I suspect that we will also need to have filesystems set their
default behaviour flags on the superblock as well so that we can
make things like filemap_fdatawrite() and friends do exactly the
right thing for each filesystem without having callers need to pass
in flags. e.g. XFS doesn't require any data waiting or inode
metadata writeback, while ext2 requires inode metadata writeback
after data writeback dispatch and NFS needs WB_SYNC_AFTER behaviour
before inode metadata writeback....
Cheers,
Dave.
--
Dave Chinner
[email protected]
On Wed, 3 Jul 2013 14:49:01 +1000 Dave Chinner <[email protected]> wrote:
> On Tue, Jul 02, 2013 at 08:28:42PM -0700, Linus Torvalds wrote:
> > On Tue, Jul 2, 2013 at 8:07 PM, Dave Chinner <[email protected]> wrote:
> > >>
> > >> Then that test would become
> > >>
> > >> if (wbc->sync_mode == WB_SYNC_SINGLE) {
> > >>
> > >> instead, and now "sync_mode" would actually describe what mode of
> > >> syncing the caller wants, without that hacky special "we know what the
> > >> caller _really_ meant by looking at *which* caller it is".
> > >
> > > The problem is that all the code that currently looks for
> > > WB_SYNC_ALL for it's behavioural cue during writeback now has
> > > multiple different modes they have to handle. IOWs, it's not a
> > > straight forward conversion process. WB_SYNC_ALL reaches right down
> > > into filesystem ->writepages implementations and they all need to be
> > > changed if we make up a new sync_mode behaviour.
> >
> > I have to admit that I absolutely detest our current "sync_mode" to
> > begin with, so I'd personally be happy to see some major surgery in
> > this area.
Forgive me, I was young.
>
> > WB_SYNC_NONE semantics would presumably be "just
> > start writeout" (so it would become WB_SYNC_WRITE), while WB_SYNC_ALL
> > would become (WB_SYNC_BEFORE | WB_SYNC_WRITE | WB_SYNC_AFTER), but
> > then the "for_sync" case would remove WB_SYNC_AFTER, because it does
> > its own waiting after.
>
> Not exactly.
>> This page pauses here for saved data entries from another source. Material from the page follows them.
(* In the setting of the context, there exist elements $w_{ki}\in\overline{M'}$ ($1\le k\le r$, $2\le i\le n_k$) such that (1) $\langle w_{ki},\tilde e_{k1}\rangle=-1$ and $\langle w_{ki},\tilde e_{ki}\rangle=1$; (2) $\langle w_{ki},\tilde e_{lj}\rangle=0$ for all $\tilde e_{lj}\ne\tilde e_{k1},\tilde e_{ki}$; (3) $\langle w_{ki},e_{lj}\rangle=0$ for all $e_{lj}$. Moreover, for any elements $w_{ki}$ satisfying (1)–(3), $$\operatorname{Ann}(e)'=\operatorname{Ann}(e,\tilde e)\oplus\bigoplus_{k=1}^r\bigoplus_{i=2}^{n_k}\mathbb{Z}w_{ki}.$$
   Context: $M\cong\mathbb{Z}^d$, $N$ dual. $\{\Delta_1,\dots,\Delta_s\}$ is a nef-partition (lattice polytopes in $M_\mathbb{R}$ containing $0$ with reflexive Minkowski sum) of the $d$-dimensional reflexive polytope $\operatorname{Conv}(\cup\Delta_i)$, with dual nef-partition $\nabla_j=\{y:\langle x,y\rangle\ge-\delta_{ij}\ \forall x\in\Delta_i,\forall i\}$. $\overline M=\mathbb{Z}^s\oplus M$, $\overline N=\mathbb{Z}^s\oplus N$ with natural pairing; $K=\{(a;x):a_i\ge0,x\in\sum a_i\Delta_i\}$, $K^\vee$ its dual cone; $e_i=(\epsilon_i;0)$ ($\epsilon_i$ standard basis vectors of $\mathbb{Z}^s$), $\deg^\vee=\sum e_i$. Let $\tilde e_i=(\epsilon_i;p_i)\in K^\vee\cap\overline N$ with $p_i\in N\cap\nabla_i$ and $\sum_i\tilde e_i=\deg^\vee$ (so $\sum p_i=0$). Let $r=s-\dim\operatorname{Span}_\mathbb{R}\{p_i\}$ and let $\{1,\dots,s\}=I_1\sqcup\dots\sqcup I_r$ with $I_k$ nonempty, $\sum_{i\in I_k}p_i=0$. Write $n_k=\#I_k$, $I_k=\{k1,\dots,kn_k\}$ and index $e_{ki},\tilde e_{ki},p_{ki}$ accordingly; $\{p_{ki}:2\le i\le n_k,1\le k\le r\}$ is $\mathbb{R}$-linearly independent. Choose $\xi_1,\dots,\xi_{d+r-s}\in N$ whose images form a basis of the free part of $N/\sum_{k,i}\mathbb{Z}p_{ki}$, set $N'=\operatorname{Span}_\mathbb{Z}(\{p_{ki}:i\ge2\}\cup\{\xi_j\})$, $M'=\operatorname{Hom}(N',\mathbb{Z})\supset M$, $\overline{M'}=\mathbb{Z}^s\oplus M'$ (dual to $\mathbb{Z}^s\oplus N'$, which contains all $e_i,\tilde e_i$). $\operatorname{Ann}(e)'=\{m\in\overline{M'}:\langle m,e_i\rangle=0\ \forall i\}$ and $\operatorname{Ann}(e,\tilde e)=\{m\in\overline{M'}:\langle m,e_i\rangle=\langle m,\tilde e_j\rangle=0\ \forall i,j\}$ (which equals the corresponding sublattice of $\overline M$). *)

theory Defs
  imports "HOL-Analysis.Analysis"
begin

text \<open>Coordinates: M_R = N_R = real^'n (d = CARD('n)), with M = N = integer vectors
  and the standard dot product as the pairing (choice of a basis of M and the dual basis of N).
  The index set {1..s} of the nef-partition is written as the pairs (k,i), 1<=k<=r, 1<=i<=n k,
  i.e. I_k = {(k,1),...,(k,n k)}.\<close>

definition lattice_pts :: "(real^'n) set" where
  "lattice_pts = {x. \<forall>i. x $ i \<in> \<int>}"

definition lattice_polytope :: "(real^'n) set \<Rightarrow> bool" where
  "lattice_polytope P \<longleftrightarrow> (\<exists>S. finite S \<and> S \<noteq> {} \<and> S \<subseteq> lattice_pts \<and> P = convex hull S)"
WB_SYNC_NONE currently means "best effort writeback"
Yup. WB_SYNC_NONE means "this is for memory cleaning" and WB_SYNC_ALL
means "this is for data integrity". They're two quite different
concepts whose implementations share a ton of code.
That being said, yes, sync_mode is pretty dorky and switching to a set
of very carefully defined flags makes sense.